1.  Politico reports on the policy challenge that the Biden Administration faces.  There are thousands of Haitian immigrants living in squalid conditions under the Del Rio International Bridge.

    A dynamic incentives issue arises.  If the Biden Administration engages in humane policies to help these immigrants then this will attract more immigrants to move to the area as they will anticipate that they will be treated well.  If the Biden Administration is tough on this group, then the group suffers and the Biden Administration angers its progressive wing and immigrant children will suffer.

    Spatial equilibrium logic is crucial here.  The immigrants have taken a gamble.  They have compared the expected benefits of migrating to the U.S with the costs of doing so.  The costs include what they leave behind in their home nation (in this case Haiti) and the migration costs they incur.  The expected benefits depend on the probability that they will actually enter the U.S and the probability that they will not be deported to their origin and the financial and emotional gains they and their family will enjoy if they actually live and work in the U.S.

    Spatial Equilibrium logic offers several constructive ideas here.  Potential immigrants will move to the U.S when their expected lifetime utility in the U.S exceeds their expected lifetime utility from remaining in Haiti net of migration costs (including lost social networks).

    This model makes several predictions and offers insights;

    1. Economic development in the home country would slow down migration to the U.S.

    2.  If the U.S could commit to being tough on illegal immigrants and have a process for legally migrating to the U.S, more potential immigrants would pursue this path.  

    3. There should be an orderly process so that Haitian-Americans can sponsor a new migrant to move to the country.  This is an idea in the Posner and Weyl book.  The idea is presented and debated here.   

    4.  The ugly living conditions at the Del Rio Bridge represent a type of tax on illegal migration.  Unlike a typical tax, no revenue is received.  Gary Becker endorsed a U.S passport market for auctioning off such passports.  The progressive Biden Administration is wrestling with the allocation of valuable property.  Economists such as Becker support using markets to allocate this scarce resource.

    5.  U.S politician nudges saying "stay home" represent Cheap Talk and won't slow the flow.

    6. If climate change differentially injures Haiti as compared to the U.S (because a richer nation is better able to adapt), then this issue will only grow in importance in the future. The U.S must begin to think through how climate change adaptation affects migration patterns. In this blog post, I offer some adaptive ideas.

    In China, there is a Hukoo domestic passport system that limits where floating workers can receive government services. This approach creates a system of "insiders and outsiders" that allows a mayor of a city such as Shanghai to treat his poor residents better because unlike in the U.S , he anticipates that his actions do not have a "welfare magnet" effect because other poor residents in other areas cannot arbitrage the spatial variation in generosity towards the poor by moving from a poor city to a rich city.   What can the U.S learn from this system?  When are entry barriers good?

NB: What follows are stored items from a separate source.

theorem mainTheorem12:
  fixes f g :: "'a::{real_inner, complete_space} \<Rightarrow> ereal" and \<alpha> :: real
  assumes f_ne: "\<forall>x. f x \<noteq> -\<infinity>" and g_ne: "\<forall>x. g x \<noteq> -\<infinity>"
    and f_prop: "proper_lsc f" and g_prop: "proper_lsc g"
    and f_conv: "Phi_lsc_convex f" and g_conv: "Phi_lsc_convex g"
    and \<phi>1: "\<phi>1 \<in> supp f" and \<phi>2: "\<phi>2 \<in> supp g"
    and sep: "{x. \<phi>1 x < \<alpha>} \<inter> {x. \<phi>2 x < \<alpha>} = {}"
  shows "\<forall>\<epsilon>>0. \<exists>x1\<in>edom f. \<exists>x2\<in>edom g. ZS f g \<epsilon> x1 x2"
proof (intro allI impI)
  fix \<epsilon> :: real
  assume "\<epsilon> > 0"
  have f_min: "\<forall>x. ereal (\<phi>1 x) \<le> f x" and g_min: "\<forall>x. ereal (\<phi>2 x) \<le> g x"
    and "\<phi>1 \<in> Phi_lsc" "\<phi>2 \<in> Phi_lsc"
    using \<phi>1 \<phi>2 unfolding supp_def by auto
  have f_dom: "edom f \<noteq> {}" and g_dom: "edom g \<noteq> {}"
    using f_prop g_prop unfolding proper_lsc_def by auto
  have disj: "\<forall>x. \<alpha> \<le> \<phi>1 x \<or> \<alpha> \<le> \<phi>2 x" using sep by (auto simp: not_le)
  consider "\<forall>x. \<alpha> \<le> \<phi>1 x" | "\<forall>x. \<alpha> \<le> \<phi>2 x" | y\<^sub>1 y\<^sub>2 where "\<phi>1 y\<^sub>1 < \<alpha>" "\<phi>2 y\<^sub>2 < \<alpha>"
    by (meson not_le)
  then show "\<exists>x1\<in>edom f. \<exists>x2\<in>edom g. ZS f g \<epsilon> x1 x2"
  proof cases
    case 1
    with f_min have "\<forall>x. ereal \<alpha> \<le> f x" by (meson ereal_less_eq(3) order_trans)
    then show ?thesis by (rule ZS_of_constant_minorant[OF f_ne _ f_dom g_dom \<open>\<epsilon> > 0\<close>])
  next
    case 2
    with g_min have "\<forall>x. ereal \<alpha> \<le> g x" by (meson ereal_less_eq(3) order_trans)
    then show ?thesis
      using ZS_of_constant_minorant[OF g_ne _ g_dom f_dom \<open>\<epsilon> > 0\<close>] by (metis ZS_commute)
  next
    case 3
    from \<open>\<phi>1 \<in> Phi_lsc\<close> \<open>\<phi>2 \<in> Phi_lsc\<close> 3 disj
    obtain v\<^sub>1 c\<^sub>1 v\<^sub>2 c\<^sub>2 where "\<phi>1 = (\<lambda>x. inner v\<^sub>1 x + c\<^sub>1)" "\<phi>2 = (\<lambda>x. inner v\<^sub>2 x + c\<^sub>2)"
      by (rule affine_minorants_of_disjoint_sublevels)
    with f_ne g_ne f_dom g_dom \<open>\<epsilon> > 0\<close> f_min g_min disj show ?thesis
      by (intro ZS_of_disjoint_affine_minorants) auto
  qed
qed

  2.  The Biden Administration has made an announcement that it seeks to protect outdoor workers from extreme heat exposure.   What does the theory of compensating differentials in real estate markets and labor markets teach us about exposure to high temperatures.

    I maintain two assumptions.

    Assumption #1:  The apartment rental market is perfectly competitive and an area's heat risk is common knowledge. If heat risk rises in a location, all market bidders are aware of this.

    Assumption #2:  The labor market for outdoor jobs is perfectly competitive and the job conditions (including heat exposure on the job) is common knowledge.

    Result #1:  As climate change raises heat in certain areas, rents decline in such areas and this $ rental decline compensates those who choose to take the risk.   Facing lower rents, apartment renters can install more powerful air conditioners. Here are some products that Amazon sells for roughly $100. 

    Result #2:   As climate change raises heat in certain areas, outdoor wages in such areas rise and this  $ wage increase compensates those who choose to take the risk.

    Facing result #2,  for profit firms will have an  incentive to provide cooling products to workers if these are cheaper to purchase than to pay the higher "combat wages".   Amazon sells a collecting of cooling vests for under $70 each.     If outdoor workers are cash constrained, their employer will have an incentive to purchase these self protection devices for the workers. 

    An environmental economist studying adaptation could run a randomized field experiment where she gives out these cooling vests and studies whether this treatment causes worker heat exposure on hot days to decline and for their productivity to rise.  Publicizing this result would lead more firms to consider making this investment rather than paying higher wages to workers exposed to high heat.   Sherwin Rosen has taught us that firms must offer a compensation bundle that is as good as your next alternative.

    The key point here is that if outdoor workers (who are housing renters) participate in competitive markets then capitalism compensates them through higher pay and lower rents for taking on this risk.  This $ compensation gives them the resources to protect themselves through products that have proven to be effective (see this 2017 JPE "Remarkable" paper).

    I conclude that the Biden Administration rejects the perfect competition model in the housing and labor markets and instead has an economic model of spatial monopsony in mind such that less educated workers are being exploited by a few powerful big employers.  Joe Tracy and I question this claim in this NBER Working paper titled "Monopsony in Spatial Equilibrium".   Migration offers a pro-active strategy to move to another local labor market that offers a thicker set of employers.   We are not passive victims as Mother Nature cranks up the heat.

    FINALLY, people know themselves. If they are extremely sensitive to the heat --- they can move somewhere cool.  The Biden Team must have an implicit economic model in mind that migration costs are huge and that few people have strategies to protect themselves from Mother Nature's punches.  Is this logic correct?  What data has been collected to document the "passive victim" hypothesis?  Many development economists have documented the coping strategies that poor people in the developing world exhibit.